Hay una sensación que, en el fondo, está en todos los colombianos y colombianas: un vacío en el pecho que, por más que intentemos, no logramos llenar. Un dolor que se agudiza con el paso del tiempo pero que, con resignación, decidimos aceptar. Hablo de una sensación que nos dice que, por más cerca que estemos de la meta, al final, siempre perdemos.
El pasado domingo, la sensación quizás desapareció durante el día. Sé que al menos la mayoría pudimos respirar en las calles un aire diferente, una mezcla de alegría y esperanza que nos hacía creer que podríamos alcanzar un triunfo. Las calles, disfrazadas de fiesta, eran la representación de un anhelo que teníamos, uno que nos decía que, quizás, luego de todo, merecíamos una dicha. Un anhelo patrocinado por 11 jugadores que, con esfuerzo, habían llegado a una final y que, como por arte de magia, lograron unir a todo un país en un mismo llamado.
Y aunque esto pareciera un relato sobre el fútbol y la lamentable pérdida de Colombia en la Copa América, les aseguro que no lo es. Pero lo cierto es que no solo perdimos en la Copa, y no sé si hablo por todas las personas, pero la sensación de tener algo tan cerca y a la vez tan lejos en Colombia parece una constante.

Y al final, nos hemos acostumbrado a esa sensación de perder. Perdimos el día que decidimos mirar a un lado cuando en las noticias nos mostraban el titular de una masacre que ocurría a muchos kilómetros de nuestro hogar; perdimos en el momento que quisimos tapar nuestros oídos ante el llanto desconsolado de una madre que busca a su hijo; perdimos el día en que decidimos aceptar que la violencia y el dolor eran nuestro único camino.

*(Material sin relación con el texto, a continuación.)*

(* Let $G=(V,E)$ be a finite simple graph with at least one edge and no isolated vertices. The following are equivalent: (1) $G$ is uniformly dense; (2) $\operatorname{rank}(L(G))-\operatorname{rank}(L(G|A))\le \frac{|E|-|A|}{\rho(G)}$ for all nonempty $A\subseteq E$; (3) $\frac{n_0(L^1(G|A))}{|A|}\le\frac{n_0(L^1(G))}{|E|}$ for all nonempty $A\subseteq E$.
   Context: For $A\subseteq E$, $c(A)$ is the number of components of $(V,A)$, $\operatorname{rank}(A)=|V|-c(A)$, $\rho(A)=|A|/\operatorname{rank}(A)$, $\rho(G)=\rho(E)$; $G$ is uniformly dense if $\rho(A)\le\rho(G)$ for all nonempty $A$. $G|A$ is the graph obtained from $(V,A)$ by removing all isolated vertices. The normalized Laplacian $L(G)$ acts on functions $f:V\to\mathbb{R}$ by $Lf(v)=f(v)-\frac{1}{\deg v}\sum_{u:\{u,v\}\in E}f(u)$ (matrix $I-AD^{-1}$); $\operatorname{rank}$ of $L$ is the linear-algebraic rank. Fix an arbitrary orientation of each edge (an input and an output endpoint). The edge Laplacian $L^1(G)$ acts on $\gamma:E\to\mathbb{R}$ by, for $e$ with input $v$ and output $w$, $L^1\gamma(e)=\frac{\sum_{e_1:\,v\text{ input of }e_1}\gamma(e_1)-\sum_{e_2:\,v\text{ output of }e_2}\gamma(e_2)}{\deg v}-\frac{\sum_{e_1':\,w\text{ input of }e_1'}\gamma(e_1')-\sum_{e_2':\,w\text{ output of }e_2'}\gamma(e_2')}{\deg w}$. $n_0(\cdot)$ denotes the multiplicity of $0$ as an eigenvalue. *)

theory Defs
  imports "Jordan_Normal_Form.DL_Rank" "Jordan_Normal_Form.Char_Poly"
begin

definition simple_graph :: "'a set \<Rightarrow> 'a set set \<Rightarrow> bool" where
  "simple_graph V E \<longleftrightarrow> finite V \<and>
     (\<forall>e\<in>E. \<exists>u v. u \<noteq> v \<and> u \<in> V \<and> v \<in> V \<and> e = {u, v})"

definition no_isolated :: "'a set \<Rightarrow> 'a set set \<Rightarrow> bool" where
  "no_isolated V E \<longleftrightarrow> (\<forall>v\<in>V. \<exists>e\<in>E. v \<in> e)"

definition ncomp :: "'a set \<Rightarrow> 'a set set \<Rightarrow> nat" where
  "ncomp V A = card (V // ({(u, v). {u, v} \<in> A}\<^sup>* \<inter> V \<times> V))"

definition grank :: "'a set \<Rightarrow> 'a set set \<Rightarrow> nat" where
  "grank V A = card V - ncomp V A"

definition density :: "'a set \<Rightarrow> 'a set set \<Rightarrow> real" where
  "density V A = real (card A) / real (grank V A)"

definition uniformly_dense :: "'a set \<Rightarrow> 'a set set \<Rightarrow> bool" where
  "uniformly_dense V E \<longleftrightarrow>
     (\<forall>A. A \<subseteq> E \<and> A \<noteq> {} \<longrightarrow> density V A \<le> density V E)"

definition deg :: "'a set set \<Rightarrow> 'a \<Rightarrow> nat" where
  "deg A v = card {e \<in> A. v \<in> e}"

text \<open>An (arbitrary) enumeration of a finite set, used to index matrices.
  Ranks and characteristic polynomials do not depend on this choice.\<close>
definition enum_set :: "'a set \<Rightarrow> 'a list" where
  "enum_set S = (SOME xs. distinct xs \<and> set xs = S)"

definition norm_laplacian :: "'a set \<Rightarrow> 'a set set \<Rightarrow> real mat" where
  "norm_laplacian W A = (let vs = enum_set W in
     mat (length vs) (length vs) (\<lambda>(i, j).
       (if i = j then 1 else 0)
       - (if {vs ! i, vs ! j} \<in> A then 1 / real (deg A (vs ! i)) else 0)))"

text \<open>Restriction G|A: vertex set = vertices incident to A, edge set A.\<close>
definition restr_vertices :: "'a set set \<Rightarrow> 'a set" where
  "restr_vertices A = \<Union>A"

definition mat_rank :: "real mat \<Rightarrow> nat" where
  "mat_rank M = vec_space.rank (dim_row M) M"

definition inc :: "('a set \<Rightarrow> 'a) \<Rightarrow> ('a set \<Rightarrow> 'a) \<Rightarrow> 'a \<Rightarrow> 'a set \<Rightarrow> real" where
  "inc src tgt v f = (if src f = v then 1 else 0) - (if tgt f = v then 1 else 0)"

definition edge_laplacian ::
  "('a set \<Rightarrow> 'a) \<Rightarrow> ('a set \<Rightarrow> 'a) \<Rightarrow> 'a set set \<Rightarrow> real mat" where
  "edge_laplacian src tgt A = (let es = enum_set A in
     mat (length es) (length es) (\<lambda>(i, j).
       inc src tgt (src (es ! i)) (es ! j) / real (deg A (src (es ! i)))
     - inc src tgt (tgt (es ! i)) (es ! j) / real (deg A (tgt (es ! i)))))"

definition n0 :: "real mat \<Rightarrow> nat" where
  "n0 M = order 0 (char_poly M)"

end

theory Submission
  imports Defs "Jordan_Normal_Form.Jordan_Normal_Form_Uniqueness"
    "Jordan_Normal_Form.Jordan_Normal_Form_Existence"
begin

text \<open>Let \<open>B\<close> be the signed vertex-edge incidence matrix of the chosen orientation and \<open>D\<close>
  the diagonal degree matrix. Then \<open>L = D\<^sup>-\<^sup>1 B B\<^sup>T\<close> and \<open>L\<^sup>1 = B\<^sup>T D\<^sup>-\<^sup>1 B\<close>. As \<open>D\<close> is
  positive definite, \<open>ker L = ker B\<^sup>T\<close> and \<open>ker L\<^sup>1 = ker B\<close>; as \<open>L\<^sup>1\<close> is symmetric, its
  eigenvalue 0 has multiplicity \<open>dim ker B\<close>. The kernel of \<open>B\<^sup>T\<close> consists of the functions that
  are constant on connected components, so \<open>rank B = |V| - c(E) = rank(E)\<close>. Applied to every
  \<open>G|A\<close> this gives \<open>rank L(G|A) = rank(A)\<close> and \<open>n\<^sub>0(L\<^sup>1(G|A)) = |A| - rank(A)\<close>, and both
  conditions (2) and (3) then rearrange to \<open>\<rho>(A) \<le> \<rho>(G)\<close>.\<close>

section \<open>Rank and kernel of matrices\<close>

lemma rank_plus_kernel_dim:
  fixes A :: "'a::field mat"
  assumes A: "A \<in> carrier_mat nr nc"
  shows "vec_space.rank nr A + kernel_dim A = nc"
proof -
  interpret V: vec_space "TYPE('a)" nc .
  interpret W: vec_space "TYPE('a)" nr .
  interpret L: linear_map class_ring "module_vec TYPE('a) nc" "module_vec TYPE('a) nr"
    "\<lambda>v. A *\<^sub>v v"
    by (intro linear_map.intro vec_vs, unfold_locales)
      (use A in \<open>auto simp: LinearCombinations.module_hom_def module_vec_simps
        mult_add_distrib_mat_vec mult_mat_vec class_ring_simps\<close>)
  have im: "L.imT = W.span (set (cols A))"
    unfolding L.mod_hom.im_def W.col_space_def[symmetric] W.col_space_eq[OF A]
    using A by (auto simp: module_vec_simps)
  have ker: "L.kerT = mat_kernel A"
    unfolding L.mod_hom.ker_def mat_kernel_def using A by (auto simp: module_vec_simps)
  have "vectorspace.dim class_ring (W.vs L.imT) + vectorspace.dim class_ring (V.vs L.kerT) = V.dim"
    by (rule L.rank_nullity) simp
  then show ?thesis
    unfolding im ker W.rank_def V.dim_is_n kernel_dim_def using A by simp
qed

lemma kernel_dim_eqI:
  fixes A B :: "'a::field mat"
  assumes "A \<in> carrier_mat nr nc" "B \<in> carrier_mat nr' nc" "mat_kernel A = mat_kernel B"
  shows "kernel_dim A = kernel_dim B"
  using assms unfolding kernel_dim_def by simp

El partido del domingo sigue siendo una analogía perfecta para esa sensación. Porque mientras un grupo de jugadores, los cuales la mayoría habían crecido en contextos donde soñar en grande no era permitido, celebraban, parte de nuestra sociedad decidió que la mejor forma de hacer honor al esfuerzo de aquellos jóvenes era la violencia. Y, como si no fuera parte de nuestro panorama diario, cerramos ese fatídico día con la cifra de cinco muertos. Y llega ese momento en que nos preguntamos: ¿Merecíamos ese triunfo?
De nuevo, perdimos.
Y seguimos perdiendo. Perdimos más de 400 mujeres por feminicidio; perdimos porque, lejos de los discursos populistas de los políticos que se hicieron elegir con la bandera de acabar con este crimen, solo a una pequeña parte de la población le duelen estas cifras. Perdimos porque nos resignamos a contar muertes.
Perder y perder, esa es nuestra constante.
Hemos perdido toda oportunidad de soñar un país diferente; perdimos la oportunidad de reconciliarnos y acabar con esta guerra inhumana que solo nos ha dejado muertes. Perdimos porque hemos dejado en soledad a miles de víctimas que anhelan dejar de perder.
Perdimos porque ya nada nos conmueve, nada nos impacta. Ni los 90 líderes asesinados este año, ni el premio al país más violento para los defensores ambientales, ni mucho menos ser el país más desigual. No hay cifra, categoría o suceso que nos mueva de ese letargo en el que estamos.
Al final, nos acostumbramos a perder y, cuando eso pasa, ganar se convierte en una utopía.